SPACs’ Surge Explained

Your Question Answered: SPACs’ Surge Explained

April 19, 2021
This week’s reader question is about special-purpose acquisition companies: SPACs aren’t new, so why are they so popular now, and is this a bubble?
Josh McCourt, Equity and Quantitative Research Analyst, had this to say:

That’s right, SPACs (special-purpose acquisition companies) are not fresh on the investment scene—they’ve been around since the ’90s. But they returned to center stage last year, raising billions of dollars and making a media splash with big-name institutional underwriters and celebrity sponsors.

These so-called “blank check” companies are a type of shell corporation. A SPAC has no business yet it conducts an initial public offering (IPO) to raise cash, and then looks for a private company to acquire. If the SPAC doesn’t find a company to buy within a set timeframe, investors get their money back. If it completes a buy, then the private company becomes a public company, and shareholders of the SPAC now own the new entity—which takes the money in the SPAC and (hopefully) uses it to fund growth.

Why are SPACs so popular right now? Some of the surge can be explained by market conditions. Pandemic-fueled volatility made it more difficult for companies to go public via a traditional IPO. Going public through a SPAC vastly simplifies the process, with quicker closings, lower costs and fewer regulatory requirements compared to a traditional IPO.

On top of that, there’s a FOMO (fear of missing out) aspect in play.
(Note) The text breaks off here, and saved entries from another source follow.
(* For $k\ge 2$, the number of minimal unavoidable subsets of $\overline{S_k}$ is at most $\binom{k!}{k!/2}$.
   Context: For $\sigma\in S_n$, the cyclic permutation $[\sigma]$ is the set of all rotations of $\sigma$. For $\pi\in S_k$, the totally vincular pattern $\overline{\pi}$ is $\pi$ with all adjacent positions overlined; a cyclic permutation $[\sigma]$ of length $n\ge k$ contains $\overline{\pi}$ if some $k$ cyclically consecutive entries of $\sigma$ are order-isomorphic to $\pi$. $\overline{S_k}$ is the set of totally vincular patterns of length $k$. For $\Pi\subseteq\overline{S_k}$, $\mathrm{Av}_n[\Pi]$ is the set of cyclic permutations of length $n$ containing no pattern of $\Pi$. $\Pi$ is unavoidable if $|\mathrm{Av}_n[\Pi]|=0$ for all sufficiently large $n$, avoidable otherwise; it is minimal unavoidable if it is unavoidable and every proper subset is avoidable. *)

theory Defs
  imports Main
begin

definition perms :: "nat \<Rightarrow> nat list set" where
  "perms n = {\<sigma>. distinct \<sigma> \<and> set \<sigma> = {1..n}}"

text \<open>The cyclic permutation [sigma]: the set of all rotations of sigma.\<close>
definition cyc_class :: "nat list \<Rightarrow> nat list set" where
  "cyc_class \<sigma> = {rotate i \<sigma> | i. i < length \<sigma>}"

definition order_iso :: "nat list \<Rightarrow> nat list \<Rightarrow> bool" where
  "order_iso xs ys \<longleftrightarrow> length xs = length ys \<and>
     (\<forall>i < length xs. \<forall>j < length xs. xs ! i < xs ! j \<longleftrightarrow> ys ! i < ys ! j)"

definition cyc_window :: "nat list \<Rightarrow> nat \<Rightarrow> nat \<Rightarrow> nat list" where
  "cyc_window \<sigma> i k = map (\<lambda>j. \<sigma> ! ((i + j) mod length \<sigma>)) [0..<k]"

text \<open>[sigma] contains the totally vincular pattern overline(pi).\<close>
definition cyc_contains :: "nat list \<Rightarrow> nat list \<Rightarrow> bool" where
  "cyc_contains \<sigma> \<pi> \<longleftrightarrow> length \<pi> \<le> length \<sigma> \<and>
     (\<exists>i < length \<sigma>. order_iso (cyc_window \<sigma> i (length \<pi>)) \<pi>)"

definition Av :: "nat \<Rightarrow> nat list set \<Rightarrow> nat list set set" where
  "Av n \<Pi> = {cyc_class \<sigma> | \<sigma>. \<sigma> \<in> perms n \<and> (\<forall>\<pi> \<in> \<Pi>. \<not> cyc_contains \<sigma> \<pi>)}"

definition unavoidable :: "nat list set \<Rightarrow> bool" where
  "unavoidable \<Pi> \<longleftrightarrow> (\<exists>N. \<forall>n \<ge> N. card (Av n \<Pi>) = 0)"

text \<open>Minimal unavoidable subsets of overline(S_k) (patterns identified with pi in S_k).\<close>
definition minimal_unavoidable :: "nat \<Rightarrow> nat list set \<Rightarrow> bool" where
  "minimal_unavoidable k \<Pi> \<longleftrightarrow> \<Pi> \<subseteq> perms k \<and> unavoidable \<Pi> \<and>
     (\<forall>\<Pi>'. \<Pi>' \<subset> \<Pi> \<longrightarrow> \<not> unavoidable \<Pi>')"

end

theory Submission
  imports Defs "HOL.Binomial_Plus" "HOL-Combinatorics.Multiset_Permutations"
begin

text \<open>No minimal unavoidable set contains another, so they form an antichain in the power set of
  the k! patterns, and Sperner's theorem applies. Sperner's bound is proved by the
  Lubell counting: a set A claims the |A|! (n - |A|)! orderings of the ground set that list A
  first; for an antichain these classes are disjoint, and each has at least
  n! / (n choose n div 2) members.\<close>

no_syntax \<comment> \<open>frees \<Pi>, a variable of the statement\<close>
  "_Pi" :: "pttrn \<Rightarrow> 'a set \<Rightarrow> 'b set \<Rightarrow> ('a \<Rightarrow> 'b) set"
    (\<open>(\<open>indent=3 notation=\<open>binder \<Pi>\<in>\<close>\<close>\<Pi> _\<in>_./ _)\<close> 10)

definition permutations_listing_first :: "'a set \<Rightarrow> 'a set \<Rightarrow> 'a list set" where
  "permutations_listing_first S A = {xs \<in> permutations_of_set S. set (take (card A) xs) = A}"

lemma permutations_listing_first_eq_append_image:
  assumes "A \<subseteq> S"
  shows "permutations_listing_first S A =
           (\<lambda>(u, v). u @ v) ` (permutations_of_set A \<times> permutations_of_set (S - A))"
proof (rule set_eqI, rule iffI)
  fix xs assume "xs \<in> permutations_listing_first S A"
  then have xs: "distinct xs" "set xs = S" "set (take (card A) xs) = A"
    by (auto simp: permutations_listing_first_def permutations_of_set_def)
  have "set (drop (card A) xs) = S - A"
  proof -
    have "set (take (card A) xs) \<inter> set (drop (card A) xs) = {}"
      using xs(1) by (metis append_take_drop_id distinct_append)
    moreover have "set (take (card A) xs) \<union> set (drop (card A) xs) = S"
      using xs(2) by (metis append_take_drop_id set_append)
    ultimately show ?thesis using xs(3) by blast
  qed
  with xs show "xs \<in> (\<lambda>(u, v). u @ v) ` (permutations_of_set A \<times> permutations_of_set (S - A))"
    by (intro image_eqI[of _ _ "(take (card A) xs, drop (card A) xs)"])
       (auto simp: permutations_of_set_def)
next
  fix xs assume "xs \<in> (\<lambda>(u, v). u @ v) ` (permutations_of_set A \<times> permutations_of_set (S - A))"
  then obtain u v where "xs = u @ v" "u \<in> permutations_of_set A" "v \<in> permutations_of_set (S - A)"
    by auto
  moreover from \<open>u \<in> permutations_of_set A\<close> have "length u = card A"
    by (rule length_finite_permutations_of_set)
  ultimately show "xs \<in> permutations_listing_first S A"
    using assms by (auto simp: permutations_listing_first_def permutations_of_set_def)
qed

lemma card_permutations_listing_first:
  assumes "finite S" and "A \<subseteq> S"
  shows "card (permutations_listing_first S A) = fact (card A) * fact (card S - card A)"
proof -
  have "finite A" using assms finite_subset by blast
  have "inj_on (\<lambda>(u, v). u @ v) (permutations_of_set A \<times> permutations_of_set (S - A))"
    by (rule inj_onI) (auto simp: append_eq_append_conv dest!: length_finite_permutations_of_set)
  then have "card (permutations_listing_first S A) =
               card (permutations_of_set A) * card (permutations_of_set (S - A))"
    by (simp add: permutations_listing_first_eq_append_image[OF assms(2)] card_image
        card_cartesian_product)
  then show ?thesis
    using assms \<open>finite A\<close> by (simp add: card_Diff_subset)
qed

lemma permutations_listing_first_disjoint:
  assumes "\<not> A \<subseteq> B" and "\<not> B \<subseteq> A"
  shows "permutations_listing_first S A \<inter> permutations_listing_first S B = {}"
proof (rule ccontr)
  assume "permutations_listing_first S A \<inter> permutations_listing_first S B \<noteq> {}"
  then obtain xs where "set (take (card A) xs) = A" "set (take (card B) xs) = B"
    by (auto simp: permutations_listing_first_def)
  then have "A \<subseteq> B \<or> B \<subseteq> A"
    by (metis nat_le_linear set_take_subset_set_take)
  with assms show False by blast
qed

lemma fact_le_middle_binomial_mult_card_permutations_listing_first:
  assumes "finite S" and "A \<subseteq> S"
  shows "fact (card S) \<le> (card S choose (card S div 2)) * card (permutations_listing_first S A)"
proof -
  have "card A \<le> card S" using assms by (rule card_mono)
  then have "fact (card S) = (card S choose card A) * card (permutations_listing_first S A)"
    by (metis binomial_fact_lemma card_permutations_listing_first[OF assms] mult.commute)
  also have "\<dots> \<le> (card S choose (card S div 2)) * card (permutations_listing_first S A)"
    by (rule mult_le_mono1[OF binomial_maximum])
  finally show ?thesis .
qed

theorem sperner:
  assumes "finite S" and "F \<subseteq> Pow S"
    and antichain: "\<And>A B. A \<in> F \<Longrightarrow> B \<in> F \<Longrightarrow> A \<subseteq> B \<Longrightarrow> A = B"
  shows "card F \<le> card S choose (card S div 2)"
proof -
  let ?n = "card S" and ?M = "card S choose (card S div 2)"
  let ?P = "permutations_listing_first S"
  have "finite F" using assms by (meson finite_Pow_iff finite_subset)
  have "card F * fact ?n = (\<Sum>A\<in>F. fact ?n)" by simp
  also have "\<dots> \<le> (\<Sum>A\<in>F. ?M * card (?P A))"
    using assms
    by (intro sum_mono fact_le_middle_binomial_mult_card_permutations_listing_first) auto
  also have "\<dots> = ?M * card (\<Union>A\<in>F. ?P A)"
  proof -
    have "finite (?P A)" for A by (simp add: permutations_listing_first_def)
    moreover have "?P A \<inter> ?P B = {}" if "A \<in> F" "B \<in> F" "A \<noteq> B" for A B
      using that antichain by (intro permutations_listing_first_disjoint) blast+
    ultimately show ?thesis
      using \<open>finite F\<close> by (simp add: card_UN_disjoint sum_distrib_left)
  qed
  also have "\<dots> \<le> ?M * fact ?n"
  proof -
    have "(\<Union>A\<in>F. ?P A) \<subseteq> permutations_of_set S"
      by (auto simp: permutations_listing_first_def)
    then have "card (\<Union>A\<in>F. ?P A) \<le> fact ?n"
      using \<open>finite S\<close> by (metis card_mono card_permutations_of_set finite_permutations_of_set)
    then show ?thesis by simp
  qed
  finally show ?thesis by simp
qed
theorem proposition6p2:
  fixes k :: nat
  assumes "k \<ge> 2"
  shows "card {\<Pi>. minimal_unavoidable k \<Pi>} \<le> (fact k) choose (fact k div 2)"
proof -
  have perms_k: "perms k = permutations_of_set {1..k}"
    by (auto simp: perms_def permutations_of_set_def)
  have "card {\<Pi>. minimal_unavoidable k \<Pi>} \<le> card (perms k) choose (card (perms k) div 2)"
    by (rule sperner) (auto simp: perms_k minimal_unavoidable_def)
  then show ?thesis by (simp add: perms_k)
qed

end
Headlines touting splashy SPACs—including online betting company DraftKings and payment firm Paya—have raised their profiles and made SPACs seem like a compelling investment for retail investors who have little to no access to the IPO market.

Some of the SPACs out there may turn out to be decent investments, but we consider the current market for them to be a bubble.

What’s more, SPACs are highly speculative—you are trusting the sponsor to make one good (ideally great) investment bet when it merges with a private company. SPACs themselves tend to trade around their (almost always) $10 listing price until a merger has been confirmed. After that, the sponsors exit and prices often fall below $10, leaving investors holding the bag. Despite the trend, SPACs have already raised more money in 2021 than they did in all of 2020.

They’re also raising eyebrows at the Securities and Exchange Commission, Wall Street’s federal watchdog, which warned that some companies may need to restate their financial results due to questionable accounting practices. SPACs have come under increased scrutiny from lawmakers as well.

Speculation aside, any investment entails understanding what you own, how it’s valued and who is steering the ship—with a SPAC, virtually all of those questions remain unanswered until it’s too late. Caveat emptor!